En 2018, les Journées de l’Arbitrage mettaient à l’honneur la féminisation du sport et de l’arbitrage de haut-niveau, en choisissant Laure Boulleau comme marraine et en adaptant son logo pour l’occasion. Un premier pas peut-être pour certaines, qui a pu se traduire en engouement certain lors de la Coupe du Monde en 2019

Si le profil du postier, comme celui de l’arbitre, se transforme par le prisme de la féminisation, sa manière de travailler également.
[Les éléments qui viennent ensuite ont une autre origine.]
(* Let $B$ be a nonempty barrier of a $3$-connected cubic graph $G$, and let $H[A,B]$ be the corresponding core. A vertex $b\in B$ is $\lambda$-matchable in $G$ if and only if there exists $a\in A$ such that (i) the pair $(a,b)$ is $\lambda$-matchable in $H$, and (ii) the contraction vertex of the $B$-fragment corresponding to $a$ is $\lambda$-matchable in that $B$-fragment.
   Context: A barrier of a graph $G$ with a perfect matching is a set $S\subseteq V(G)$ such that $G-S$ has exactly $|S|$ components of odd order. For a barrier $B$ of a matching covered graph, every component of $G-B$ is odd; the core $H[A,B]$ is the bipartite graph obtained by shrinking each component of $G-B$ to a single vertex (these vertices form $A$). For a component $J$ of $G-B$, the $B$-fragment $G/\overline{V(J)}$ is obtained by shrinking $V(G)-V(J)$ to a single contraction vertex; it corresponds to the vertex of $A$ obtained from $J$. For a vertex $v$ of a cubic graph, $v$ is $\lambda$-matchable if there is a spanning subgraph in which $v$ has degree $3$ and every other vertex degree $1$. For a bipartite cubic graph, a pair $(a,b)$ from different color classes is $\lambda$-matchable if there is a spanning subgraph in which $a,b$ have degree $3$ and all other vertices degree $1$. *)

theory Defs
  imports Main
begin

text \<open>Finite loopless multigraphs: a vertex set, an edge set, and an endpoint map
  sending each edge to a 2-element set of vertices (parallel edges allowed).\<close>

type_synonym ('v,'e) mgraph = "'v set \<times> 'e set \<times> ('e \<Rightarrow> 'v set)"

definition verts :: "('v,'e) mgraph \<Rightarrow> 'v set" where "verts G = fst G"
definition edges :: "('v,'e) mgraph \<Rightarrow> 'e set" where "edges G = fst (snd G)"
definition endpts :: "('v,'e) mgraph \<Rightarrow> 'e \<Rightarrow> 'v set" where "endpts G = snd (snd G)"

definition mgraph :: "('v,'e) mgraph \<Rightarrow> bool" where
  "mgraph G \<longleftrightarrow> finite (verts G) \<and> finite (edges G) \<and>
     (\<forall>e\<in>edges G. endpts G e \<subseteq> verts G \<and> card (endpts G e) = 2)"

definition deg_in :: "'e set \<Rightarrow> ('v,'e) mgraph \<Rightarrow> 'v \<Rightarrow> nat" where
  "deg_in F G v = card {e\<in>F. v \<in> endpts G e}"

definition cubic :: "('v,'e) mgraph \<Rightarrow> bool" where
  "cubic G \<longleftrightarrow> mgraph G \<and> (\<forall>v\<in>verts G. deg_in (edges G) G v = 3)"

definition perfect_matching :: "('v,'e) mgraph \<Rightarrow> 'e set \<Rightarrow> bool" where
  "perfect_matching G M \<longleftrightarrow> M \<subseteq> edges G \<and> (\<forall>v\<in>verts G. deg_in M G v = 1)"

definition has_perfect_matching :: "('v,'e) mgraph \<Rightarrow> bool" where
  "has_perfect_matching G \<longleftrightarrow> (\<exists>M. perfect_matching G M)"

definition adj_minus :: "('v,'e) mgraph \<Rightarrow> 'v set \<Rightarrow> ('v \<times> 'v) set" where
  "adj_minus G S = {(u,v). u \<in> verts G - S \<and> v \<in> verts G - S \<and>
                          (\<exists>e\<in>edges G. endpts G e = {u,v})}"

definition comp_of :: "('v,'e) mgraph \<Rightarrow> 'v set \<Rightarrow> 'v \<Rightarrow> 'v set" where
  "comp_of G S v = (adj_minus G S)\<^sup>* `` {v}"

definition components :: "('v,'e) mgraph \<Rightarrow> 'v set \<Rightarrow> 'v set set" where
  "components G S = comp_of G S ` (verts G - S)"

definition odd_components :: "('v,'e) mgraph \<Rightarrow> 'v set \<Rightarrow> 'v set set" where
  "odd_components G S = {C \<in> components G S. odd (card C)}"

definition barrier :: "('v,'e) mgraph \<Rightarrow> 'v set \<Rightarrow> bool" where
  "barrier G S \<longleftrightarrow> has_perfect_matching G \<and> S \<subseteq> verts G \<and>
     card (odd_components G S) = card S"

definition k_connected :: "nat \<Rightarrow> ('v,'e) mgraph \<Rightarrow> bool" where
  "k_connected k G \<longleftrightarrow> card (verts G) > k \<and>
     (\<forall>S \<subseteq> verts G. card S < k \<longrightarrow> card (components G S) = 1)"

definition contract :: "('v \<Rightarrow> 'w) \<Rightarrow> ('v,'e) mgraph \<Rightarrow> ('w,'e) mgraph" where
  "contract f G = (f ` verts G, {e\<in>edges G. card (f ` endpts G e) = 2}, \<lambda>e. f ` endpts G e)"

text \<open>The core H[A,B]: each component J of G - B is shrunk to the vertex J, each
  vertex b of B is represented by {b}.  So A = components G B.\<close>
definition core :: "('v,'e) mgraph \<Rightarrow> 'v set \<Rightarrow> ('v set,'e) mgraph" where
  "core G B = contract (\<lambda>v. if v \<in> B then {v} else comp_of G B v) G"

text \<open>The B-fragment G / (V(G) - V(J)): vertices of J represented by singletons,
  the contraction vertex is the set V(G) - V(J).\<close>
definition fragment :: "('v,'e) mgraph \<Rightarrow> 'v set \<Rightarrow> ('v set,'e) mgraph" where
  "fragment G J = contract (\<lambda>v. if v \<in> J then {v} else verts G - J) G"

definition lambda_matchable :: "('v,'e) mgraph \<Rightarrow> 'v \<Rightarrow> bool" where
  "lambda_matchable G v \<longleftrightarrow> v \<in> verts G \<and> (\<exists>F \<subseteq> edges G. deg_in F G v = 3 \<and>
     (\<forall>u\<in>verts G - {v}. deg_in F G u = 1))"

definition lambda_matchable_pair :: "('v,'e) mgraph \<Rightarrow> 'v \<Rightarrow> 'v \<Rightarrow> bool" where
  "lambda_matchable_pair G a b \<longleftrightarrow> a \<in> verts G \<and> b \<in> verts G \<and> a \<noteq> b \<and>
     (\<exists>F \<subseteq> edges G. deg_in F G a = 3 \<and> deg_in F G b = 3 \<and>
        (\<forall>u\<in>verts G - {a,b}. deg_in F G u = 1))"

end

theory Submission
  imports Defs
begin

(*
  Let F be a lambda-factor of G at b (degree 3 at b, degree 1 elsewhere).  As G is cubic and
  3-connected, every odd vertex set with nonempty complement is left by at least 3 edges;
  counting degrees at B then shows that every component of G - B is odd and left by exactly
  3 edges, that B is independent and that |A| = |B|.  Now F leaves every component by an odd
  number (1 or 3) of edges and meets B in |B| + 2 edges, so exactly one component J is left
  by 3 edges of F and every other one by a single edge.  The F-edges leaving components form
  the required factor of the core, and the F-edges meeting J that of the B-fragment of J.

  Conversely, each component C other than J is entered by a single edge of the core factor,
  at a vertex u.  Tutte's theorem gives a perfect matching of C - u: the odd components of
  C - u - T are left by at least 3 edges each, all of them among the at most
  3(|T| + 1) + 3 - 1 edges meeting u or T or leaving C, other than the edge entering C at u;
  so there are at most |T| + 1 of them, and parity excludes |T| + 1.
  These matchings glue with the two factors into a lambda-factor of G at b.
*)

section \<open>Hall's theorem\<close>

lemma sdr_combine:
  assumes "J \<subseteq> I"
    and f: "inj_on f J" "\<forall>i\<in>J. f i \<in> A i \<inter> X"
    and g: "inj_on g (I - J)" "\<forall>i\<in>I - J. g i \<in> A i - X"
  shows "\<exists>h. inj_on h I \<and> (\<forall>i\<in>I. h i \<in> A i)"
proof -
  define h where "h i = (if i \<in> J then f i else g i)" for i
  have "inj_on h I"
  proof (rule inj_onI)
    fix i j assume "i \<in> I" "j \<in> I" "h i = h j"
    then show "i = j"
      using f g unfolding h_def inj_on_def by (cases "i \<in> J"; cases "j \<in> J") (auto, (metis DiffI)+)
  qed
  moreover have "\<forall>i\<in>I. h i \<in> A i" using f g unfolding h_def by auto
  ultimately show ?thesis by blast
qed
De moins en moins de lettres sont envoyées, le corps de métier se restructure, pour certains le contact humain se perd, la preuve par l’effacement des bureaux de postes. Mais ce, au profit d’une transformation numérique pour développer de nouveaux services, comme celui bancaire. Par ricochet, “Tous Arbitres” a pris le même virage de technologique. Le programme s’est donc posé comme soutien au développement de la VAR lors de son adoption par la Ligue de Football Professionnelle en 2018. Précision et justesse de la décision étaient alors les mots d’ordre. 

« On soutient le progrès technique, c’est une évolution inévitable »

Jean -Raphaël Gaitey

En visant principalement les jeunes, le programme pédagogique a naturellement emprunté la voie digitale, au travers d’une appli de quizz, désormais à l’arrêt à cause des coûts de maintenance. De même que l’appli BenchR, qui visait à se glisser dans la peau de l’arbitre et prendre des décisions en temps réel. Il ne fait aucun doute que les années à venir nous réservent encore de nouveaux projets. Jusqu’en juin 2022 minimum – date de la fin du contrat, renouvelable – les arbitres ne seront, en tout cas, jamais livrés à eux-mêmes.